Another expert in the field was Nicholas Culpeper who was a physician expounding the benefits of herbs. He was a rebel in his time, angering the medical professionals and even being accused of encouraging witchcraft.  He created a herbal book for 'the masses' that they might be able to treat themselves rather than be subject to charlatan doctors who thought bloodletting would heal all.
Culpepper was one of the first 'battlefield surgeons' recorded during the English Civil War.
His book, The English Physician, was a radical resource!

Using experience, stories of herbal usage and garden lore gathered strength over the centuries. Some make sense today because they are truly based on plant needs and human physical needs. Some are just plain entertaining. What plant wisdom have you heard? What old tales valued in colonial times still hang around? Do you use any herbal remedies?

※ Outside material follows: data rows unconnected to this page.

lemma best_approx_error_antimono:
  assumes "is_metric d" "B \<noteq> {}" "B \<subseteq> B'"
  shows "best_approx_error d x B' \<le> best_approx_error d x B"
  by (rule best_approx_error_greatest[OF assms(2)], rule best_approx_error_le_dist)
    (use assms in auto)

lemma best_approx_error_add_le:
  assumes "is_metric d" "translation_invariant d" "B \<noteq> {}"
    and "\<And>a b. a \<in> B \<Longrightarrow> b \<in> B \<Longrightarrow> a + b \<in> B'"
  shows "best_approx_error d (u + v) B'
           \<le> best_approx_error d (u::'a::real_vector) B + best_approx_error d v B"
proof -
  have "best_approx_error d (u + v) B' - best_approx_error d u B \<le> best_approx_error d v B"
  proof (rule best_approx_error_greatest[OF assms(3)])
    fix b assume b: "b \<in> B"
    have "best_approx_error d (u + v) B' - d v b \<le> best_approx_error d u B"
    proof (rule best_approx_error_greatest[OF assms(3)])
      fix a assume a: "a \<in> B"
      have "best_approx_error d (u + v) B' \<le> d (u + v) (a + b)"
        by (rule best_approx_error_le_dist[OF assms(1) assms(4)[OF a b]])
      also have "\<dots> \<le> d u a + d v b" by (rule translation_invariant_add_le[OF assms(1,2)])
      finally show "best_approx_error d (u + v) B' - d v b \<le> d u a" by simp
    qed
    then show "best_approx_error d (u + v) B' - best_approx_error d u B \<le> d v b" by simp
  qed
  then show ?thesis by simp
qed

lemma best_approx_error_uminus_le:
  assumes "is_metric d" "translation_invariant d" "B \<noteq> {}"
    and "\<And>a. a \<in> B \<Longrightarrow> - a \<in> B"
  shows "best_approx_error d (- x) B \<le> best_approx_error d (x::'a::real_vector) B"
proof (rule best_approx_error_greatest[OF assms(3)])
  fix a assume "a \<in> B"
  have "best_approx_error d (- x) B \<le> d (- x) (- a)"
    by (rule best_approx_error_le_dist[OF assms(1) assms(4)[OF \<open>a \<in> B\<close>]])
  then show "best_approx_error d (- x) B \<le> d x a"
    by (simp add: translation_invariant_uminus[OF assms(1,2)])
qed

lemma best_approx_error_scaleR_le:
  assumes "is_metric d" "translation_invariant d" "nondecreasing_metric d"
    and "0 \<le> t" "t \<le> real m" "B \<noteq> {}" "\<And>a s. a \<in> B \<Longrightarrow> s *\<^sub>R a \<in> B"
  shows "best_approx_error d (t *\<^sub>R y) B \<le> real m * best_approx_error d (y::'a::real_vector) B"
proof (cases "m = 0")
  case True
  obtain a where "a \<in> B" using assms(6) by blast
  have "best_approx_error d (t *\<^sub>R y) B \<le> d (t *\<^sub>R y) (0 *\<^sub>R a)"
    by (rule best_approx_error_le_dist[OF assms(1) assms(7)[OF \<open>a \<in> B\<close>]])
  then show ?thesis using True assms(4,5) by (simp add: metric_self[OF assms(1)])
next
  case False
  have "best_approx_error d (t *\<^sub>R y) B / real m \<le> best_approx_error d y B"
  proof (rule best_approx_error_greatest[OF assms(6)])
    fix a assume "a \<in> B"
    have "best_approx_error d (t *\<^sub>R y) B \<le> d (t *\<^sub>R y) (t *\<^sub>R a)"
      by (rule best_approx_error_le_dist[OF assms(1) assms(7)[OF \<open>a \<in> B\<close>]])
    also have "\<dots> = d (t *\<^sub>R (y - a)) 0"
      using translation_invariant_diff[OF assms(2), of "t *\<^sub>R y" "t *\<^sub>R a"]
      by (simp add: scaleR_diff_right)
    also have "\<dots> \<le> real m * d (y - a) 0"
      by (rule nondecreasing_metric_scaleR_le[OF assms(1-5)])
    also have "d (y - a) 0 = d y a"
      by (simp add: translation_invariant_diff[OF assms(2), of y a])
    finally show "best_approx_error d (t *\<^sub>R y) B / real m \<le> d y a"
      using False by (simp add: divide_simps mult.commute)
  qed
  then show ?thesis using False by (simp add: divide_simps mult.commute)
qed

lemma approximation_scheme_mono:
  assumes "approximation_scheme d A" "m \<le> n"
  shows "A m \<subseteq> A n"
proof -
  have "A k \<subseteq> A (Suc k)" for k
    using assms(1) by (simp add: approximation_scheme_def psubset_imp_subset)
  then show ?thesis using lift_Suc_mono_le[of A, OF _ assms(2)] by blast
qed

If a pregnant woman plants any type of plant, it will grow well.
Plant seeds of tuberous (plants that ripen underground) in the afternoon for best growth
Excessive activity in small animals and birds that lasts all day means bad weather is coming
The 12 days after Christmas predict the weather for the following 12 months.
(Likewise, rain on Easter Sunday means rain on the next seven Sundays)
Expect rain within 3 days if a half moon's tip  points down
If spring flowers bloom again in the fall, expect a 'sorrowful winter'.
Transplant flowers in the light of the moon.
Placing rusty nails around your plants will help them grow
Bury fish heads in with your roses
A rope around a garden will keep out snakes

As a horticulturalist, I know there's good reason why some things work, and I enjoy hearing about all those that don't. An entire series of posts could focus on the lore of herbal remedies and you can be there is good basis for their success. I'm fascinated with herbal remedies and love to study them. Kudos to these two 'fathers' of 'old wives tales' and the printers who put together these huge books which became the standard for planting and using plants for food and health.

As for the list above, I can tell you that I did have some spring flowers bloom again last fall and we certainly had a sorrowful winter! For colonial gardeners, I'm pretty sure the truth was - living from the land takes a lot of hard work and common sense. That hasn't changed a bit.